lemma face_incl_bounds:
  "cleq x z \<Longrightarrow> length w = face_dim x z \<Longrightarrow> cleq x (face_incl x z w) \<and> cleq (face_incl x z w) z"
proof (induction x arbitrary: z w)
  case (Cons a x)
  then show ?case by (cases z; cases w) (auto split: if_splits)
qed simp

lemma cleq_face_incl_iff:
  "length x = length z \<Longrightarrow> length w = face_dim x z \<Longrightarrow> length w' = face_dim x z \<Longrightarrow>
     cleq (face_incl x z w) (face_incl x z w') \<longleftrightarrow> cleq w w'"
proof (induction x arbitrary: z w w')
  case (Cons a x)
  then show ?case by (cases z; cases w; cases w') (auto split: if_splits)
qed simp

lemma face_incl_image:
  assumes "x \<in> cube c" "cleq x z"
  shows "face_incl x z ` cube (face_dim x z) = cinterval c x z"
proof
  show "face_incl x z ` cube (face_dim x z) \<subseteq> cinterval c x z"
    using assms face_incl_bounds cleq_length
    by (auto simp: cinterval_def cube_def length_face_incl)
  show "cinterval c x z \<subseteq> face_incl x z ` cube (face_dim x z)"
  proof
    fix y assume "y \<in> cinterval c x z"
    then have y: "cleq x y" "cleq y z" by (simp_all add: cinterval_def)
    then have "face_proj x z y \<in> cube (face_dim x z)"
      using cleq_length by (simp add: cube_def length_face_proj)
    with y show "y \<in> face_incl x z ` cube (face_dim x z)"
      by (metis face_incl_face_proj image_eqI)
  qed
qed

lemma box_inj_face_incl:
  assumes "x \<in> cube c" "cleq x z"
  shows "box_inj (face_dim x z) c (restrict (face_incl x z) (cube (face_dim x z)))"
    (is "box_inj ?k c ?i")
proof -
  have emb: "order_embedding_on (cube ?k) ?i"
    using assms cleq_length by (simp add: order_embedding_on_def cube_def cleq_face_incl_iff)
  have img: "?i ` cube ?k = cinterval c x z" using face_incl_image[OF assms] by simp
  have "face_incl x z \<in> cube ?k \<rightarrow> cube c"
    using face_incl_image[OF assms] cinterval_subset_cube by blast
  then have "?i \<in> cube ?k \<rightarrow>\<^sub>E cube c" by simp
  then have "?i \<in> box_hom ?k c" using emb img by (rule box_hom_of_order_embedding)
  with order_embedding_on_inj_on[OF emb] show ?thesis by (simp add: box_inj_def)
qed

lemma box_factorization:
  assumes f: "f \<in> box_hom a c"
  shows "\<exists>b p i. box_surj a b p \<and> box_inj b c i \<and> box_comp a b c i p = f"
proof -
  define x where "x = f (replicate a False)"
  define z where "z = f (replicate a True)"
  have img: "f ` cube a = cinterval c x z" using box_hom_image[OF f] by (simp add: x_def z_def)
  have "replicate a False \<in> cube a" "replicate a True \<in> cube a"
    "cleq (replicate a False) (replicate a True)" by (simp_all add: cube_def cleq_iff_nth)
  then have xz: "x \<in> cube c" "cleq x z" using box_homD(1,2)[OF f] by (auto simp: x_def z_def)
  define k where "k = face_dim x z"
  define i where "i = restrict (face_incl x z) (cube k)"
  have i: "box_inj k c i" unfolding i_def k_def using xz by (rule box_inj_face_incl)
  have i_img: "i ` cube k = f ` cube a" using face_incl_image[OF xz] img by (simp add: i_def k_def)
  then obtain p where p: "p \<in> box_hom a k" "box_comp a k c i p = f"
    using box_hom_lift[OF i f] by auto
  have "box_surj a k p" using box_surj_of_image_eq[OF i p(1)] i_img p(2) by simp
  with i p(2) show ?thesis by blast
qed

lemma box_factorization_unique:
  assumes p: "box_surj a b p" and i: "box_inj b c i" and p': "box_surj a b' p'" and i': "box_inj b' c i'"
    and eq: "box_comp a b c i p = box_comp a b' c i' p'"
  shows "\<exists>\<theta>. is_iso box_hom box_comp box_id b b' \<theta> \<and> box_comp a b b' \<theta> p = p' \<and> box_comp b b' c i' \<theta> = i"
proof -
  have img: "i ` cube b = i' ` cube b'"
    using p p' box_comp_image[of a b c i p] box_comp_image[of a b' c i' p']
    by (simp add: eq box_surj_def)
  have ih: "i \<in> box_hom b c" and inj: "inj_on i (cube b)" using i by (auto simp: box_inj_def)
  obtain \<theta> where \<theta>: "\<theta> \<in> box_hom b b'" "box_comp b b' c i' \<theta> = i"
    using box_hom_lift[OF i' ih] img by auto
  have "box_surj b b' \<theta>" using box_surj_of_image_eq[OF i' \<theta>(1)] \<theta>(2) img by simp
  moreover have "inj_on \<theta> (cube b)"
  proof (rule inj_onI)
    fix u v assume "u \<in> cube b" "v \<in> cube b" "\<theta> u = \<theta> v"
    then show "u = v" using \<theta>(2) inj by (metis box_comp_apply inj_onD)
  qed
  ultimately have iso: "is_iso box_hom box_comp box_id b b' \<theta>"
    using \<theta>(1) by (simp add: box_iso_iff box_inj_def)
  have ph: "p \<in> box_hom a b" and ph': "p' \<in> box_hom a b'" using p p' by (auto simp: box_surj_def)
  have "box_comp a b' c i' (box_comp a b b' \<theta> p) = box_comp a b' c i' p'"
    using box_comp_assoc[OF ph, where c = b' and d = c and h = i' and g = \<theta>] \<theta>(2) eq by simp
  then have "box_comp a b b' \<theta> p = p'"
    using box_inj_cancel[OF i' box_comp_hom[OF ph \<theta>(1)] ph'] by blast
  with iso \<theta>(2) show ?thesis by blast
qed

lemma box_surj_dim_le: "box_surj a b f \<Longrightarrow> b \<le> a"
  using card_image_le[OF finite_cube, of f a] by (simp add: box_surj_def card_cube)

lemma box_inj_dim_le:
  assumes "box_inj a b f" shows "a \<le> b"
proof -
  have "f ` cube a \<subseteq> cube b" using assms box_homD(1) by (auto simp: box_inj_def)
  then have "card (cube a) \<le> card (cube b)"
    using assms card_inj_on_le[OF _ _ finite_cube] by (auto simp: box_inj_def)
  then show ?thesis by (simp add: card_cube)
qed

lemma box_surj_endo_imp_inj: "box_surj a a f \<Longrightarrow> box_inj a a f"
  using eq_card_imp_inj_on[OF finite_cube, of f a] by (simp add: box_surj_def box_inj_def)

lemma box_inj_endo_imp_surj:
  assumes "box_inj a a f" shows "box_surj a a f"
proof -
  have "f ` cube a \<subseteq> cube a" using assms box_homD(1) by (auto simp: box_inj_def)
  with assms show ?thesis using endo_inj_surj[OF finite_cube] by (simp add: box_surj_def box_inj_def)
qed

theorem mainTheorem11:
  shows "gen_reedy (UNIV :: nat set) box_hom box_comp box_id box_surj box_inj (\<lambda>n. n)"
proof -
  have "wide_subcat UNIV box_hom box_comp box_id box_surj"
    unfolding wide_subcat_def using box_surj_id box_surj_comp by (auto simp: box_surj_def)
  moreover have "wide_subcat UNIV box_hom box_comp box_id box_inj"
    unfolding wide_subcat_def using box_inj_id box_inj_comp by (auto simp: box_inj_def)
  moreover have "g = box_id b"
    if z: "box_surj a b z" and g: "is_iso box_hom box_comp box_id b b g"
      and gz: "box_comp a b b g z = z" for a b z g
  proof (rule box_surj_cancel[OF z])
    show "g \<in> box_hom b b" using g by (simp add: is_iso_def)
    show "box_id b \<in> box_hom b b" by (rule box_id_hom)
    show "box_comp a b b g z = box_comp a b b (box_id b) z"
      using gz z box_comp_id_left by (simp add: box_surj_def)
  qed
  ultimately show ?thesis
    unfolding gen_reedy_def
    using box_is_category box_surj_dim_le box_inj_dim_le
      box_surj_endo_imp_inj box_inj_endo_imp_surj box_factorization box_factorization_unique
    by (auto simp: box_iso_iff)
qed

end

▶ [WORK REQUEST]
Set down the entire listing above again, word for word.

▶ [WRITTEN ANSWER]
lemma face_incl_bounds:
  "cleq x z \<Longrightarrow> length w = face_dim x z \<Longrightarrow> cleq x (face_incl x z w) \<and> cleq (face_incl x z w) z"
proof (induction x arbitrary: z w)
  case (Cons a x)
  then show ?case by (cases z; cases w) (auto split: if_splits)
qed simp

lemma cleq_face_incl_iff:
  "length x = length z \<Longrightarrow> length w = face_dim x z \<Longrightarrow> length w' = face_dim x z \<Longrightarrow>
     cleq (face_incl x z w) (face_incl x z w') \<longleftrightarrow> cleq w w'"
proof (induction x arbitrary: z w w')
  case (Cons a x)
  then show ?case by (cases z; cases w; cases w') (auto split: if_splits)
qed simp

lemma face_incl_image:
  assumes "x \<in> cube c" "cleq x z"
  shows "face_incl x z ` cube (face_dim x z) = cinterval c x z"
proof
  show "face_incl x z ` cube (face_dim x z) \<subseteq> cinterval c x z"
    using assms face_incl_bounds cleq_length
    by (auto simp: cinterval_def cube_def length_face_incl)
  show "cinterval c x z \<subseteq> face_incl x z ` cube (face_dim x z)"
  proof
    fix y assume "y \<in> cinterval c x z"
    then have y: "cleq x y" "cleq y z" by (simp_all add: cinterval_def)
    then have "face_proj x z y \<in> cube (face_dim x z)"
      using cleq_length by (simp add: cube_def length_face_proj)
    with y show "y \<in> face_incl x z ` cube (face_dim x z)"
      by (metis face_incl_face_proj image_eqI)
  qed
qed

lemma box_inj_face_incl:
  assumes "x \<in> cube c" "cleq x z"
  shows "box_inj (face_dim x z) c (restrict (face_incl x z) (cube (face_dim x z)))"
    (is "box_inj ?k c ?i")
proof -
  have emb: "order_embedding_on (cube ?k) ?i"
    using assms cleq_length by (simp add: order_embedding_on_def cube_def cleq_face_incl_iff)
  have img: "?i ` cube ?k = cinterval c x z" using face_incl_image[OF assms] by simp
  have "face_incl x z \<in> cube ?k \<rightarrow> cube c"
    using face_incl_image[OF assms] cinterval_subset_cube by blast
  then have "?i \<in> cube ?k \<rightarrow>\<^sub>E cube c" by simp
  then have "?i \<in> box_hom ?k c" using emb img by (rule box_hom_of_order_embedding)
  with order_embedding_on_inj_on[OF emb] show ?thesis by (simp add: box_inj_def)
qed

lemma box_factorization:
  assumes f: "f \<in> box_hom a c"
  shows "\<exists>b p i. box_surj a b p \<and> box_inj b c i \<and> box_comp a b c i p = f"
proof -
  define x where "x = f (replicate a False)"
  define z where "z = f (replicate a True)"
  have img: "f ` cube a = cinterval c x z" using box_hom_image[OF f] by (simp add: x_def z_def)
  have "replicate a False \<in> cube a" "replicate a True \<in> cube a"
    "cleq (replicate a False) (replicate a True)" by (simp_all add: cube_def cleq_iff_nth)
  then have xz: "x \<in> cube c" "cleq x z" using box_homD(1,2)[OF f] by (auto simp: x_def z_def)
  define k where "k = face_dim x z"
  define i where "i = restrict (face_incl x z) (cube k)"
  have i: "box_inj k c i" unfolding i_def k_def using xz by (rule box_inj_face_incl)
  have i_img: "i ` cube k = f ` cube a" using face_incl_image[OF xz] img by (simp add: i_def k_def)
  then obtain p where p: "p \<in> box_hom a k" "box_comp a k c i p = f"
    using box_hom_lift[OF i f] by auto
  have "box_surj a k p" using box_surj_of_image_eq[OF i p(1)] i_img p(2) by simp
  with i p(2) show ?thesis by blast
qed

lemma box_factorization_unique:
  assumes p: "box_surj a b p" and i: "box_inj b c i" and p': "box_surj a b' p'" and i': "box_inj b' c i'"
    and eq: "box_comp a b c i p = box_comp a b' c i' p'"
  shows "\<exists>\<theta>. is_iso box_hom box_comp box_id b b' \<theta> \<and> box_comp a b b' \<theta> p = p' \<and> box_comp b b' c i' \<theta> = i"
proof -
  have img: "i ` cube b = i' ` cube b'"
    using p p' box_comp_image[of a b c i p] box_comp_image[of a b' c i' p']
    by (simp add: eq box_surj_def)
  have ih: "i \<in> box_hom b c" and inj: "inj_on i (cube b)" using i by (auto simp: box_inj_def)
  obtain \<theta> where \<theta>: "\<theta> \<in> box_hom b b'" "box_comp b b' c i' \<theta> = i"
    using box_hom_lift[OF i' ih] img by auto
  have "box_surj b b' \<theta>" using box_surj_of_image_eq[OF i' \<theta>(1)] \<theta>(2) img by simp
  moreover have "inj_on \<theta> (cube b)"
  proof (rule inj_onI)
    fix u v assume "u \<in> cube b" "v \<in> cube b" "\<theta> u = \<theta> v"
    then show "u = v" using \<theta>(2) inj by (metis box_comp_apply inj_onD)
  qed
  ultimately have iso: "is_iso box_hom box_comp box_id b b' \<theta>"
    using \<theta>(1) by (simp add: box_iso_iff box_inj_def)
  have ph: "p \<in> box_hom a b" and ph': "p' \<in> box_hom a b'" using p p' by (auto simp: box_surj_def)
  have "box_comp a b' c i' (box_comp a b b' \<theta> p) = box_comp a b' c i' p'"
    using box_comp_assoc[OF ph, where c = b' and d = c and h = i' and g = \<theta>] \<theta>(2) eq by simp
  then have "box_comp a b b' \<theta> p = p'"
    using box_inj_cancel[OF i' box_comp_hom[OF ph \<theta>(1)] ph'] by blast
  with iso \<theta>(2) show ?thesis by blast
qed

lemma box_surj_dim_le: "box_surj a b f \<Longrightarrow> b \<le> a"
  using card_image_le[OF finite_cube, of f a] by (simp add: box_surj_def card_cube)

lemma box_inj_dim_le:
  assumes "box_inj a b f" shows "a \<le> b"
proof -
  have "f ` cube a \<subseteq> cube b" using assms box_homD(1) by (auto simp: box_inj_def)
  then have "card (cube a) \<le> card (cube b)"
    using assms card_inj_on_le[OF _ _ finite_cube] by (auto simp: box_inj_def)
  then show ?thesis by (simp add: card_cube)
qed

lemma box_surj_endo_imp_inj: "box_surj a a f \<Longrightarrow> box_inj a a f"
  using eq_card_imp_inj_on[OF finite_cube, of f a] by (simp add: box_surj_def box_inj_def)

lemma box_inj_endo_imp_surj:
  assumes "box_inj a a f" shows "box_surj a a f"
proof -
  have "f ` cube a \<subseteq> cube a" using assms box_homD(1) by (auto simp: box_inj_def)
  with assms show ?thesis using endo_inj_surj[OF finite_cube] by (simp add: box_surj_def box_inj_def)
qed

theorem mainTheorem11:
  shows "gen_reedy (UNIV :: nat set) box_hom box_comp box_id box_surj box_inj (\<lambda>n. n)"
proof -
  have "wide_subcat UNIV box_hom box_comp box_id box_surj"
    unfolding wide_subcat_def using box_surj_id box_surj_comp by (auto simp: box_surj_def)
  moreover have "wide_subcat UNIV box_hom box_comp box_id box_inj"
    unfolding wide_subcat_def using box_inj_id box_inj_comp by (auto simp: box_inj_def)
  moreover have "g = box_id b"
    if z: "box_surj a b z" and g: "is_iso box_hom box_comp box_id b b g"
      and gz: "box_comp a b b g z = z" for a b z g
  proof (rule box_surj_cancel[OF z])
    show "g \<in> box_hom b b" using g by (simp add: is_iso_def)
    show "box_id b \<in> box_hom b b" by (rule box_id_hom)
    show "box_comp a b b g z = box_comp a b b (box_id b) z"
      using gz z box_comp_id_left by (simp add: box_surj_def)
  qed
  ultimately show ?thesis
    unfolding gen_reedy_def
    using box_is_category box_surj_dim_le box_inj_dim_le
      box_surj_endo_imp_inj box_inj_endo_imp_surj box_factorization box_factorization_unique
    by (auto simp: box_iso_iff)
qed

end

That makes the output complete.